The disconnect happened because the executives running many parts of the travel industry do not look like the increasingly intermingled and diverse world of both inbound and outbound travelers around the world. With some exceptions, the industry at top levels is run by white men, and if you check the U.S. Federal Election Commission’s donations database (which is public), you will clearly see the industry has supported Republican candidates and Super PACs by an overwhelming majority in the past election cycles, when the act of travel itself is as progressive as it gets.
This year is different, mainly because one of the candidates is so utterly repulsive that minor differences on wage or health insurance are not big enough issues to keep them from reaching across partisan boundaries.
Still, in the U.S., travel lobbying organizations have often been on the wrong side of history. Take the American Hotel & Lodging Association, for example. It has, time and again, fought the minimum-wage increase movement sweeping the country. It even fought the American With Disabilities Act of 1990. Then, take Airlines for America, the lobbying organization that has fought an Open Skies policy with an intent to block the Gulf airlines, many of which are consumer favorites, from increasing their services to America. And then they wonder why they get so much hate from the consumers.

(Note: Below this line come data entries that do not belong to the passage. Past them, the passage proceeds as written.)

lemma integral_indicator_abs_le_Lp:
  fixes g :: "real \<Rightarrow> real"
  assumes gm: "g \<in> borel_measurable (lebesgue_on I)" and I: "I \<in> sets lebesgue" and "1 \<le> P"
    and h: "integrable lebesgue (\<lambda>x. indicator I x * \<bar>g x\<bar> powr P)"
    and S: "S \<subseteq> I" "S \<in> fmeasurable lebesgue" and L: "measure lebesgue S \<le> L" "0 < L"
  shows "integrable lebesgue (\<lambda>x. indicator S x * \<bar>g x\<bar>)"
    and "(\<integral>x. indicator S x * \<bar>g x\<bar> \<partial>lebesgue)
           \<le> (1 + (\<integral>x. indicator I x * \<bar>g x\<bar> powr P \<partial>lebesgue)) * L powr (1 - 1 / P)"
proof -
  define M where "M = (\<integral>x. indicator I x * \<bar>g x\<bar> powr P \<partial>lebesgue)"
  define c where "c = L powr (- 1 / P)"
  have "0 < c" using L by (simp add: c_def)
  have ind: "integrable lebesgue (indicator S :: real \<Rightarrow> real)"
    using S(2) by (simp add: lmeasurable_iff_integrable)
  then have bound: "integrable lebesgue
      (\<lambda>x. c * indicator S x + c powr (1 - P) * (indicator I x * \<bar>g x\<bar> powr P))"
    using h by simp
  have le: "indicator S x * \<bar>g x\<bar> \<le> c * indicator S x + c powr (1 - P) * (indicator I x * \<bar>g x\<bar> powr P)" for x
    using le_add_powr_mult_powr[OF \<open>0 < c\<close> abs_ge_zero \<open>1 \<le> P\<close>, of "g x"] S \<open>0 < c\<close>
    by (auto simp: indicator_def)
  show int: "integrable lebesgue (\<lambda>x. indicator S x * \<bar>g x\<bar>)"
  proof (rule Bochner_Integration.integrable_bound[OF bound])
    show "(\<lambda>x. indicator S x * \<bar>g x\<bar>) \<in> borel_measurable lebesgue"
      using S by (intro borel_measurable_indicator_abs[OF gm I]) auto
    show "AE x in lebesgue. norm (indicator S x * \<bar>g x\<bar>)
        \<le> norm (c * indicator S x + c powr (1 - P) * (indicator I x * \<bar>g x\<bar> powr P))"
      using le by (intro AE_I2) (simp add: order_trans[OF _ le])
  qed
  have "(\<integral>x. indicator S x * \<bar>g x\<bar> \<partial>lebesgue) \<le> c * measure lebesgue S + c powr (1 - P) * M"
    using integral_mono[OF int bound le] S ind h by (simp add: M_def fmeasurable_def)
  also have "\<dots> \<le> c * L + c powr (1 - P) * M"
    using L \<open>0 < c\<close> by simp
  also have "c * L = L powr (1 - 1 / P)"
    using powr_add[of L "- 1 / P" 1] L by (simp add: c_def)
  also have "c powr (1 - P) = L powr (- 1 / P * (1 - P))"
    by (simp add: c_def powr_powr)
  also have "- 1 / P * (1 - P) = 1 - 1 / P"
    using \<open>1 \<le> P\<close> by (simp add: field_simps)
  finally show "(\<integral>x. indicator S x * \<bar>g x\<bar> \<partial>lebesgue) \<le> (1 + M) * L powr (1 - 1 / P)"
    by (simp add: algebra_simps)
qed
(* Suppose a first-order method in Algorithm Class 2 is applied to the splitting reformulation (SP) of instance $\mathcal P$ from $x^{(0)}=0$, $y^{(0)}=0$, and generates $\{(x^{(t)},y^{(t)})\}_{t\ge1}$, with $x^{(t)}=(x_1^{(t)\top},\dots,x_m^{(t)\top})^\top$, $x_i^{(t)}\in\mathbb R^{\bar d}$, and $y^{(t)}=(y_1^{(t)\top},\dots,y_{3m_2-1}^{(t)\top})^\top$, $y_j^{(t)}\in\mathbb R^{\bar d}$. Then for any $\bar j\in\{2,3,\dots,\bar d\}$, $\mathrm{supp}(x_i^{(t)})\subset\{1,\dots,\bar j-1\}$ and $\mathrm{supp}(y_j^{(t)})\subset\{1,\dots,\bar j-1\}$ for all $i=1,\dots,m$, $j=1,\dots,3m_2-1$, and all $t\le 1+m(\bar j-2)/3$.
   Context: $\mathrm{supp}(z)=\{j:[z]_j\ne0\}$. Splitting reformulation (SP) of $\min f_0(x)+\bar g(\bar Ax+\bar b)$ s.t. $Ax+b=0$: $\min_{x,y}f_0(x)+\bar g(y)$ s.t. $Ax+b=0$, $y=\bar Ax+\bar b$. Algorithm Class 2: given $(x^{(0)},y^{(0)})$, for all $t\ge1$, $x^{(t)}\in\mathrm{span}\{x^{(s)},\nabla f_0(x^{(s)}),A^\top b,A^\top Ax^{(s)},\bar A^\top\bar b,\bar A^\top\bar Ax^{(s)},\bar A^\top y^{(s)}\}_{s=0}^{t-1}$ and $y^{(t)}\in\mathrm{span}\{\xi^{(t)},\mathrm{prox}_{\eta_t\bar g}(\xi^{(t)})\}$ with $\eta_t>0$, $\xi^{(t)}\in\mathrm{span}\{\bar b,y^{(s)},\bar A\bar A^\top y^{(s)},\bar Ax^{(s)}\}_{s=0}^{t-1}$, where $\mathrm{prox}_{\eta\bar g}(y)=\arg\min_{y'}\{\bar g(y')+\frac1{2\eta}\|y'-y\|^2\}$. Instance $\mathcal P$: fix $\epsilon\in(0,1)$, $L_f>0$, integers $m_1\ge2$, $m_2\ge1$ with $m_1m_2$ even, $m=3m_1m_2$, an odd integer $\bar d\ge5$, $d=m\bar d$. Write $x=(x_1^\top,\dots,x_m^\top)^\top$, $x_i\in\mathbb R^{\bar d}$; $[z]_j$ is the $j$-th coordinate. $J_p\in\mathbb R^{(p-1)\times p}$ has $-1$ at $(k,k)$, $1$ at $(k,k+1)$, zero elsewhere. $\mathcal M=\{im_1:i=1,\dots,3m_2-1\}$, $\mathcal M^C=\{1,\dots,m-1\}\setminus\mathcal M$, $\bar n=(3m_2-1)\bar d$, $\bar A=mL_f(J_{\mathcal M}\otimes I_{\bar d})$, $A=mL_f(J_{\mathcal M^C}\otimes I_{\bar d})$ with $J_{\mathcal M},J_{\mathcal M^C}$ the rows of $J_m$ indexed by $\mathcal M,\mathcal M^C$; $b=0$, $\bar b=0$. Choose $\beta>(50\pi+1+\|A\|)\sqrt m\,\epsilon$; $\bar g(y)=\frac{\beta}{mL_f}\|y\|_1$ on $\mathbb R^{\bar n}$. $\Psi(u)=0$ ($u\le0$), $1-e^{-u^2}$ ($u>0$); $\Phi(v)=4\arctan v+2\pi$. For $z\in\mathbb R^{\bar d}$: $\varphi(z,1)=-\Psi(1)\Phi([z]_1)$, $\varphi(z,j)=\Psi(-[z]_{j-1})\Phi(-[z]_j)-\Psi([z]_{j-1})\Phi([z]_j)$ ($2\le j\le\bar d$); $h_i(z)=\varphi(z,1)+3\sum_{j=1}^{\lfloor\bar d/2\rfloor}\varphi(z,2j)$ for $1\le i\le m/3$, $h_i(z)=\varphi(z,1)$ for $m/3+1\le i\le 2m/3$, $h_i(z)=\varphi(z,1)+3\sum_{j=1}^{\lfloor\bar d/2\rfloor}\varphi(z,2j+1)$ for $2m/3+1\le i\le m$. $f_i(z)=\frac{300\pi\epsilon^2}{mL_f}h_i(\frac{\sqrt mL_fz}{150\pi\epsilon})$, $f_0(x)=\sum_{i=1}^mf_i(x_i)$. Instance $\mathcal P$ is $\min_xf_0(x)+\bar g(\bar Ax)$ s.t. $Ax+b=0$. *)

theory Defs
  imports "HOL-Analysis.Analysis"
begin

text \<open>A vector of R^n is represented as a function v :: nat => real
 with 1-based coordinates v 1, ..., v n, and v k = 0 for k = 0 and k > n.
 A matrix with nr rows and nc columns is a function M :: nat => nat => real
 (1-based entries M r c); only entries with 1 <= r <= nr, 1 <= c <= nc matter.\<close>

definition vecs :: "nat \<Rightarrow> (nat \<Rightarrow> real) set" where
  "vecs n = {v. \<forall>k. (k = 0 \<or> n < k) \<longrightarrow> v k = 0}"

definition zvec :: "nat \<Rightarrow> real" where
  "zvec = (\<lambda>_. 0)"

definition supp :: "(nat \<Rightarrow> real) \<Rightarrow> nat set" where
  "supp z = {j. z j \<noteq> 0}"

definition lspan :: "(nat \<Rightarrow> real) set \<Rightarrow> (nat \<Rightarrow> real) set" where
  "lspan S = {v. \<exists>F c. finite F \<and> F \<subseteq> S \<and> v = (\<lambda>k. \<Sum>u\<in>F. c u * u k)}"

definition vnorm :: "nat \<Rightarrow> (nat \<Rightarrow> real) \<Rightarrow> real" where
  "vnorm n v = sqrt (\<Sum>k=1..n. (v k)\<^sup>2)"

definition mv :: "nat \<Rightarrow> nat \<Rightarrow> (nat \<Rightarrow> nat \<Rightarrow> real) \<Rightarrow> (nat \<Rightarrow> real) \<Rightarrow> (nat \<Rightarrow> real)" where
  "mv nr nc M x = (\<lambda>r. if 1 \<le> r \<and> r \<le> nr then (\<Sum>c=1..nc. M r c * x c) else 0)"

definition tr :: "(nat \<Rightarrow> nat \<Rightarrow> real) \<Rightarrow> (nat \<Rightarrow> nat \<Rightarrow> real)" where
  "tr M = (\<lambda>r c. M c r)"

definition opnorm :: "nat \<Rightarrow> nat \<Rightarrow> (nat \<Rightarrow> nat \<Rightarrow> real) \<Rightarrow> real" where
  "opnorm nr nc M = Sup {vnorm nr (mv nr nc M x) | x. x \<in> vecs nc \<and> vnorm nc x \<le> 1}"

definition Jmat :: "nat \<Rightarrow> nat \<Rightarrow> nat \<Rightarrow> real" where
  "Jmat p k l = (if 1 \<le> k \<and> k \<le> p - 1 \<and> 1 \<le> l \<and> l \<le> p then
       (if l = k then -1 else if l = k + 1 then 1 else 0) else 0)"

definition selrows :: "nat set \<Rightarrow> (nat \<Rightarrow> nat \<Rightarrow> real) \<Rightarrow> (nat \<Rightarrow> nat \<Rightarrow> real)" where
  "selrows S M = (\<lambda>r c. if 1 \<le> r \<and> r \<le> card S then M (sorted_list_of_set S ! (r - 1)) c else 0)"

text \<open>Kronecker product M \<otimes> I_q\<close>
definition kronI :: "nat \<Rightarrow> (nat \<Rightarrow> nat \<Rightarrow> real) \<Rightarrow> (nat \<Rightarrow> nat \<Rightarrow> real)" where
  "kronI q M = (\<lambda>r c. if 1 \<le> r \<and> 1 \<le> c then
       M ((r - 1) div q + 1) ((c - 1) div q + 1) * (if (r - 1) mod q = (c - 1) mod q then 1 else 0)
     else 0)"
lemma convex_on_above_tangent:
  fixes L :: "'a::real_normed_vector \<Rightarrow> real"
  assumes convex: "convex_on UNIV L" and deriv: "(L has_derivative D) (at p)"
  shows "L p + D (q - p) \<le> L q"
proof -
  define g where "g s = L (p + s *\<^sub>R (q - p))" for s :: real
  have "((\<lambda>s::real. p + s *\<^sub>R (q - p)) has_derivative (\<lambda>s. s *\<^sub>R (q - p))) (at 0)"
    by (auto intro!: derivative_eq_intros)
  then have "(g has_derivative (\<lambda>s. D (s *\<^sub>R (q - p)))) (at 0)"
    unfolding g_def by (rule has_derivative_compose) (simp add: deriv)
  moreover have "D (s *\<^sub>R (q - p)) = D (q - p) * s" for s
    using linear_scale[OF has_derivative_linear[OF deriv]] by simp
  ultimately have "(g has_field_derivative D (q - p)) (at 0)"
    by (simp add: has_field_derivative_def)
  moreover have "convex_on UNIV g"
    unfolding g_def by (rule convex_on_restrict_line[OF convex])
  ultimately have "D (q - p) * (1 - 0) \<le> g 1 - g 0"
    by (intro convex_on_imp_above_tangent) auto
  then show ?thesis
    by (simp add: g_def)
qed

lemma convex_on_prod_above_tangent:
  fixes L :: "'a::real_normed_vector \<times> 'b::real_normed_vector \<Rightarrow> real"
  assumes "convex_on UNIV L" and "(L has_derivative D) (at (a, b))"
  shows "L (a, b) \<le> L (a', b') + (D (a, 0) - D (a', 0)) + (D (0, b) - D (0, b'))"
proof -
  have lin: "linear D"
    using assms(2) by (rule has_derivative_linear)
  have "(a', b') - (a, b) = ((a', 0) - (a, 0)) + ((0, b') - (0, b))"
    by simp
  then have "D ((a', b') - (a, b)) = (D (a', 0) - D (a, 0)) + (D (0, b') - D (0, b))"
    by (simp only: linear_add[OF lin] linear_diff[OF lin])
  then show ?thesis
    using convex_on_above_tangent[OF assms, of "(a', b')"] by simp
qed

The CEOs of major corporations rarely take public stances on political issues, but for a subject such as travel, we expect more.
Which hotel CEOs do you know of who have spoken up about the European immigrant crisis and offered the incoming Syrian refugees entry-level jobs at their hotels as an entry point into a decent life in Europe? Which travel and tourism CEOs have spoken out against France’s increasing intolerance, and against the latest ban against Muslim women wearing Burkini swimwear at the beach? Why isn’t this connection to travel in their minds?
The closing off of minds to any stripes of people has a direct effect on the business of travel, and the liberation inherent in the promise of travel. Good luck attracting more Arab or Muslim tourists, France!
Listen to what the larger consumer behavior says instead of fighting the new players who are getting rapid adoption, and maybe you will learn and change enough to future-proof yourself as a result. There is some hope that some companies are seeing the larger connections that travel has with the rest of the world. Companies such as Expedia, Momondo, and Airbnb are talking about travel in a bigger way, and are not afraid to lean into the socio-political issues of the larger world they exist in.
A wholesale change in mindset is needed on how travel is structured and marketed, enmeshed and embedded in all the glorious imperfections of the planet.
The geopolitical realities of our world are worth embracing by the travel industry, instead of ignoring them or, worse still, wishing them away. And even more so, travelers will reward the industry for it by traveling more, by being more aware of the world and travel’s key place in it, rather than staying in isolationist bubbles for people to indulge in when they need an escape once in awhile.
Stop calling the travel sector “resilient.” Let it be.
Travel will be bigger and better for it.